Cambridge
Campaign Against the Arms Trade
Why it is important that Cambridge University takes responsibility for its investment decisions
When I first started campaigning for ethical investment I was told by my bursar that if I have a problem with a particular company then I should ‘buy a tent and camp outside the front gates’! I was a little shocked that my bursar was so adamant in his defence of the arms industry but I hope his vitriol only betrayed his ignorance and not a hidden political agenda. World military arms expenditure is currently at $1 trillion a year and rising (see Stockholm International Peace Research Institute). America and Britain are the largest arms producers in the world and they sell their weapons to all but the most horrific regimes (contrary to their much trumpeted commitment to democracy and human rights). The policy of both countries is to aggressively develop and market weapons throughout the world; the Anglo-American arms industry enjoys massive amounts of government subsidies and corruption is accepted as the norm. It seems unlikely that these policies are in the interests of the poor, the oppressed or the marginalised. It also seems unlikely that these policies will change as they protect the interests of the rich and powerful. It is important, therefore, that we take responsibility for our involvement in the arms industry and that we do not inadvertently endorse a status quo, which promotes war, oppression and injustice.
The bursar of Gonville and Caius, Barry Headley, recently argued: “We should leave it to government and democratic politics to determine what companies should and shouldn't do.” (Times Higher Education Supplement). But a brief look at “democratic politics” shows that this position is untenable. In the May 2005 general election, not one of the three main political parties made mention of the fact that the British taxpayer spends £900 million a year on arms industry subsidies (in comparison to the £850 million which will be raised in student top-up fees). Nor did our political representatives mention the revolving door, which sees numerous senior civil servants swap jobs with top executives from the large arms companies. Perhaps most disturbingly, when the government invited seven of the most vicious regimes in the world to the DSEi arms fair in London Docklands last September there was only a murmur of disapproval from our parliamentary representatives.
Levels of government support for the arms industry are quite astounding and this support is guaranteed for years to come by cross party consensus. It is unclear how this cross party consensus will be challenged, let alone changed, when the shady world of arms deals and the policy decisions which promote the industry are shrouded to a large extent in media silence, leaving the British voting public largely ignorant of the atrocities perpetuated in their name. Electoral politics are clearly inadequate as a means to challenge the politics (let alone the ethics) of the international arms trade and consequently we must use everything at our disposal to challenge the military-industrial complex that guides destructive policy decisions whilst claiming a democratic mandate.

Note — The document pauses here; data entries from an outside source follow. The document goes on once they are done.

(* Let $R_i=(\mathcal{F}_i,\mathcal{V}_i,\mathcal{R}_i)$, $i=1,2$, be TRSs. (a) If $R_1,R_2$ are in $\mathcal{V}$-normal form, then $R_1\cong_{\mathbf{SE}}R_2$ if and only if their $\mathcal{V}$-templates are $\mathcal{F}$-globally isomorphic, i.e. $(\mathcal{F}_1,\mathcal{V}_1^S,\nu^{R_1}(\mathcal{R}_1))\cong_{\mathbf{GFE}}(\mathcal{F}_2,\mathcal{V}_2^S,\nu^{R_2}(\mathcal{R}_2))$. (b) If $R_1,R_2$ are in $\mathcal{F}$-normal form, then $R_1\cong_{\mathbf{SVE}}R_2$ if and only if their $\mathcal{F}$-templates are $\mathcal{V}$-globally isomorphic, i.e. $(\mathcal{F}_1^S,\mathcal{V}_1,\mu^{R_1}(\mathcal{R}_1))\cong_{\mathbf{GVE}}(\mathcal{F}_2^S,\mathcal{V}_2,\mu^{R_2}(\mathcal{R}_2))$.
   Context: Terms and TRSs: $\mathcal{F}$ is a finite set of function symbols with arity map $\mathrm{ar}:\mathcal{F}\to\mathbb{N}_0$, $\mathcal{V}$ a finite set of variables disjoint from $\mathcal{F}$, and $T(\mathcal{F},\mathcal{V})$ the usual set of first-order terms over them. A term rewriting system (TRS) is a triple $R=(\mathcal{F},\mathcal{V},\mathcal{R})$ where $\mathcal{R}$ is a finite set of rules $\ell\to r$ with $\ell,r\in T(\mathcal{F},\mathcal{V})$, $\ell\notin\mathcal{V}$ and every variable of $r$ occurs in $\ell$; $\mathcal{F}$ and $\mathcal{V}$ contain all symbols occurring in the rules. Term isomorphisms: a term isomorphism $\phi:T(\mathcal{F},\mathcal{V})\to T(\mathcal{F}',\mathcal{V}')$ is a pair of bijections $\phi_{\mathcal{F}}:\mathcal{F}\to\mathcal{F}'$ with $\mathrm{ar}'(\phi_{\mathcal{F}}(f))=\mathrm{ar}(f)$ for all $f$, and $\phi_{\mathcal{V}}:\mathcal{V}\to\mathcal{V}'$, extended homomorphically to terms. We write $\phi|_{\mathcal{F}}=\phi_{\mathcal{F}}$, $\phi|_{\mathcal{V}}=\phi_{\mathcal{V}}$. It is $\mathcal{V}$-invariant if $\mathcal{V}=\mathcal{V}'$ and $\phi_{\mathcal{V}}=\mathrm{id}$, and $\mathcal{F}$-invariant if $\mathcal{F}=\mathcal{F}'$ (with equal arities) and $\phi_{\mathcal{F}}=\mathrm{id}$. Normal forms: two distinct rules $\ell\to r$, $\ell'\to r'$ of $\mathcal{R}$ are $\mathcal{V}$-equivalent (resp. $\mathcal{F}$-equivalent) if there is an $\mathcal{F}$-invariant (resp. a $\mathcal{V}$-invariant) term isomorphism $\phi:T(\mathcal{F},\mathcal{V})\to T(\mathcal{F},\mathcal{V})$ with $\phi(\ell)=\ell'$ and $\phi(r)=r'$. $R$ is in $\mathcal{V}$-normal form (resp. $\mathcal{F}$-normal form) if $\mathcal{R}$ contains no pair of $\mathcal{V}$-equivalent (resp. $\mathcal{F}$-equivalent) rules. TRS isomorphisms (for $R=(\mathcal{F},\mathcal{V},\mathcal{R})$, $\mathcal{R}=\{\ell_1\to r_1,\dots,\ell_n\to r_n\}$, $R'=(\mathcal{F}',\mathcal{V}',\mathcal{R}')$, $\phi(\mathcal{R})=\{\phi(\ell)\to\phi(r):\ell\to r\in\mathcal{R}\}$): $R\cong_{\mathbf{GVE}}R'$ (resp. $R\cong_{\mathbf{GFE}}R'$) if there is an $\mathcal{F}$-invariant (resp. $\mathcal{V}$-invariant) term isomorphism $\phi:T(\mathcal{F},\mathcal{V})\to T(\mathcal{F}',\mathcal{V}')$ with $\phi(\mathcal{R})=\mathcal{R}'$. A local isomorphism is a family $(\phi_1,\dots,\phi_n)$ of term isomorphisms $T(\mathcal{F},\mathcal{V})\to T(\mathcal{F}',\mathcal{V}')$ with $\{\phi_i(\ell_i)\to\phi_i(r_i):1\le i\le n\}=\mathcal{R}'$. $R\cong_{\mathbf{SVE}}R'$ if both are in $\mathcal{F}$-normal form and there is a local isomorphism with $\phi_1|_{\mathcal{V}}=\dots=\phi_n|_{\mathcal{V}}$; $R\cong_{\mathbf{SE}}R'$ if both are in $\mathcal{V}$-normal form and there is a local isomorphism with $\phi_1|_{\mathcal{F}}=\dots=\phi_n|_{\mathcal{F}}$. Templates: let $\mathcal{R}=\{\ell_1\to r_1,\dots,\ell_n\to r_n\}$. The standardised variable set is $\mathcal{V}^S=\{x_1,\dots,x_K\}$ with $K=|\mathcal{V}|$; the standardised function symbol set is $\mathcal{F}^S=\{f_{k,l}: l\in L,1\le k\le p_l\}$, where $L=\{\mathrm{ar}(f):f\in\mathcal{F}\}$, $p_l=|\{f\in\mathcal{F}:\mathrm{ar}(f)=l\}|$ and $\mathrm{ar}(f_{k,l})=l$. For each $j$, $\nu_j:T(\mathcal{F},\mathcal{V})\to T(\mathcal{F},\mathcal{V}^S)$ is the $\mathcal{F}$-invariant term isomorphism sending the $k$-th distinct variable of $\ell_j$ (ordered by first occurrence, reading $\ell_j$ left to right) to $x_k$, and the remaining variables of $\mathcal{V}$ bijectively (in a fixed order) to the remaining $x_k$. $\mu_j:T(\mathcal{F},\mathcal{V})\to T(\mathcal{F}^S,\mathcal{V})$ is the $\mathcal{V}$-invariant term isomorphism sending, for each arity $l$, the $k$-th distinct function symbol of arity $l$ occurring in the string $\ell_j r_j$ (ordered by first occurrence, left to right) to $f_{k,l}$, and the remaining symbols of each arity $l$ bijectively (in a fixed order) to the remaining $f_{k,l}$. The template sets are $\nu(\mathcal{R})=\{\nu_j(\ell_j)\to\nu_j(r_j):1\le j\le n\}$ and $\mu(\mathcal{R})=\{\mu_j(\ell_j)\to\mu_j(r_j):1\le j\le n\}$. Superscripts $\nu^{R_i},\mathcal{V}_i^S$, etc. indicate the TRS these are computed for. *)

theory Defs
  imports Main
begin
text \<open>The Cayley graph of D_{2l} with respect to {a, b} is a cycle of length 4l. Numbering its
  vertices 0, ..., 4l-1 so that a is 0 and e is 1, right multiplication by a swaps 2k and 2k+1,
  right multiplication by b swaps 2k+1 and 2k+2 (mod 4l), and the distance to {e, a} is the
  distance to the edge {0, 1}.

  Let N_t(q) be the number of exponent vectors putting Y_t at vertex q. Since
  Y_{t+1} = Y_t g^{eps}, we have N_{t+1}(q) = N_t(q) + N_t(\<sigma> q) for the swap \<sigma> of the
  (t+1)-st generator. For t \<ge> 1 the function N_t is invariant under the reflection of the cycle
  fixing the edge {0, 1} and non-increasing along 1, 2, ..., 2l; both properties survive the
  recursion, because \<sigma> either fixes the pair {q, q+1} or pairs q-1 with q and q+1 with q+2.
  Hence p_t(x) = 2 N_t(x+1) / 2^t for t \<ge> 1, while p_0 is the point mass at 0.\<close>

lemma int_parity_cases: obtains k where "(q::int) = 2 * k" | k where "q = 2 * k + 1"
  by (metis oddE evenE)

lemma antimono_on_int_interval:
  fixes f :: "int \<Rightarrow> 'a::order"
  assumes step: "\<And>q. a \<le> q \<Longrightarrow> q < b \<Longrightarrow> f (q + 1) \<le> f q"
    and "a \<le> x" "x \<le> y" "y \<le> b"
  shows "f y \<le> f x"
  using \<open>x \<le> y\<close> \<open>y \<le> b\<close>
proof (induction y rule: int_ge_induct)
  case (step y)
  then have "f (y + 1) \<le> f y" "f y \<le> f x" using assms(1)[of y] \<open>a \<le> x\<close> by simp_all
  then show ?case by (rule order_trans)
qed simp

lemma finite_bool_lists_length: "finite {xs :: bool list. length xs = n \<and> P xs}"
  by (rule finite_subset[OF _ finite_lists_length_eq[of "UNIV :: bool set" n]]) auto

lemma card_bool_lists_Suc:
  "card {xs :: bool list. length xs = Suc n \<and> P xs} =
   card {xs. length xs = n \<and> P (xs @ [False])} + card {xs. length xs = n \<and> P (xs @ [True])}"
proof -
  let ?S = "\<lambda>b. {xs :: bool list. length xs = n \<and> P (xs @ [b])}"
  let ?snoc = "\<lambda>b xs. xs @ [b]"
  have card_snoc: "card (?snoc b ` ?S b) = card (?S b)" for b
    by (rule card_image) (simp add: inj_on_def)
  have "{xs :: bool list. length xs = Suc n \<and> P xs} = ?snoc False ` ?S False \<union> ?snoc True ` ?S True"
    (is "?L = ?R")
  proof
    show "?R \<subseteq> ?L" by (intro Un_least image_subsetI) auto
    show "?L \<subseteq> ?R"
    proof
      fix xs assume xs: "xs \<in> ?L"
      then obtain ys b where "xs = ys @ [b]" by (cases xs rule: rev_cases) auto
      with xs show "xs \<in> ?R" by (cases b) auto
    qed
  qed
  moreover have "?snoc False ` ?S False \<inter> ?snoc True ` ?S True = {}"
    by auto
  ultimately have "card ?L = card (?snoc False ` ?S False) + card (?snoc True ` ?S True)"
    using card_Un_disjoint[OF finite_imageI finite_imageI,
        OF finite_bool_lists_length finite_bool_lists_length]
    by (simp only:)
  also have "\<dots> = card (?S False) + card (?S True)"
    by (simp only: card_snoc)
  finally show ?thesis .
qed

abbreviation cycle_vertices :: "nat \<Rightarrow> int set" where
  "cycle_vertices l \<equiv> {0..<4 * int l}"

definition dih_normal :: "nat \<Rightarrow> dih \<Rightarrow> bool" where
  "dih_normal l g \<longleftrightarrow> 0 \<le> fst g \<and> fst g < 2 * int l"

definition cycle_pos :: "dih \<Rightarrow> int" where
  "cycle_pos g = 2 * fst g + (if snd g then 0 else 1)"

definition swap_a :: "int \<Rightarrow> int" where
  "swap_a q = (if even q then q + 1 else q - 1)"

definition swap_b :: "nat \<Rightarrow> int \<Rightarrow> int" where
  "swap_b l q = (if even q then (if q = 0 then 4 * int l - 1 else q - 1)
                 else (if q = 4 * int l - 1 then 0 else q + 1))"

definition swap :: "nat \<Rightarrow> bool \<Rightarrow> int \<Rightarrow> int" where
  "swap l w = (if w then swap_b l else swap_a)"

definition cycle_refl :: "nat \<Rightarrow> int \<Rightarrow> int" where
  "cycle_refl l q = (if q = 0 then 1 else if q = 1 then 0 else 4 * int l + 1 - q)"

definition cycle_dist :: "nat \<Rightarrow> int \<Rightarrow> int" where
  "cycle_dist l q = (if q = 0 then 0 else if q \<le> 2 * int l then q - 1 else 4 * int l - q)"

lemma dih_normal_dmult: "l \<ge> 1 \<Longrightarrow> dih_normal l (dmult l g h)"
  by (simp add: dih_normal_def dmult_def)

lemma cycle_pos_in_cycle_vertices: "dih_normal l g \<Longrightarrow> cycle_pos g \<in> cycle_vertices l"
  by (auto simp: dih_normal_def cycle_pos_def)

lemma cycle_pos_dmult_gen_a:
  "dih_normal l g \<Longrightarrow> cycle_pos (dmult l g gen_a) = swap_a (cycle_pos g)"
  by (auto simp: dih_normal_def cycle_pos_def dmult_def gen_a_def swap_a_def)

Disinvestment from the arms industry involves no financial loss and the notion that shares in arms companies are ‘must have’ investments is largely due to ignorance and political bias rather than sound economics. On this basis, the only people who could really object to disinvestments are gun-toting weirdos, fat cat arms dealers and brutal dictators.
LEGAL REQUIREMENTS
The colleges (and universities) are legally defined as ‘exempt charities’ and are constrained by the demands of charity law. Each college has a board of trustees who are legally responsible for investment decisions. Details about investments can be found on the charity commission’s webpage. In short there are 2 scenarios when it is OK to involve ethical considerations in investment decisions:
When a company is in conflict with the charities aims (e.g. the RSPCA investing in Huntingdon Life Sciences)
If it can be shown to involve no ‘risk of significant financial detriment’
We could probably argue the former and definitely argue the latter.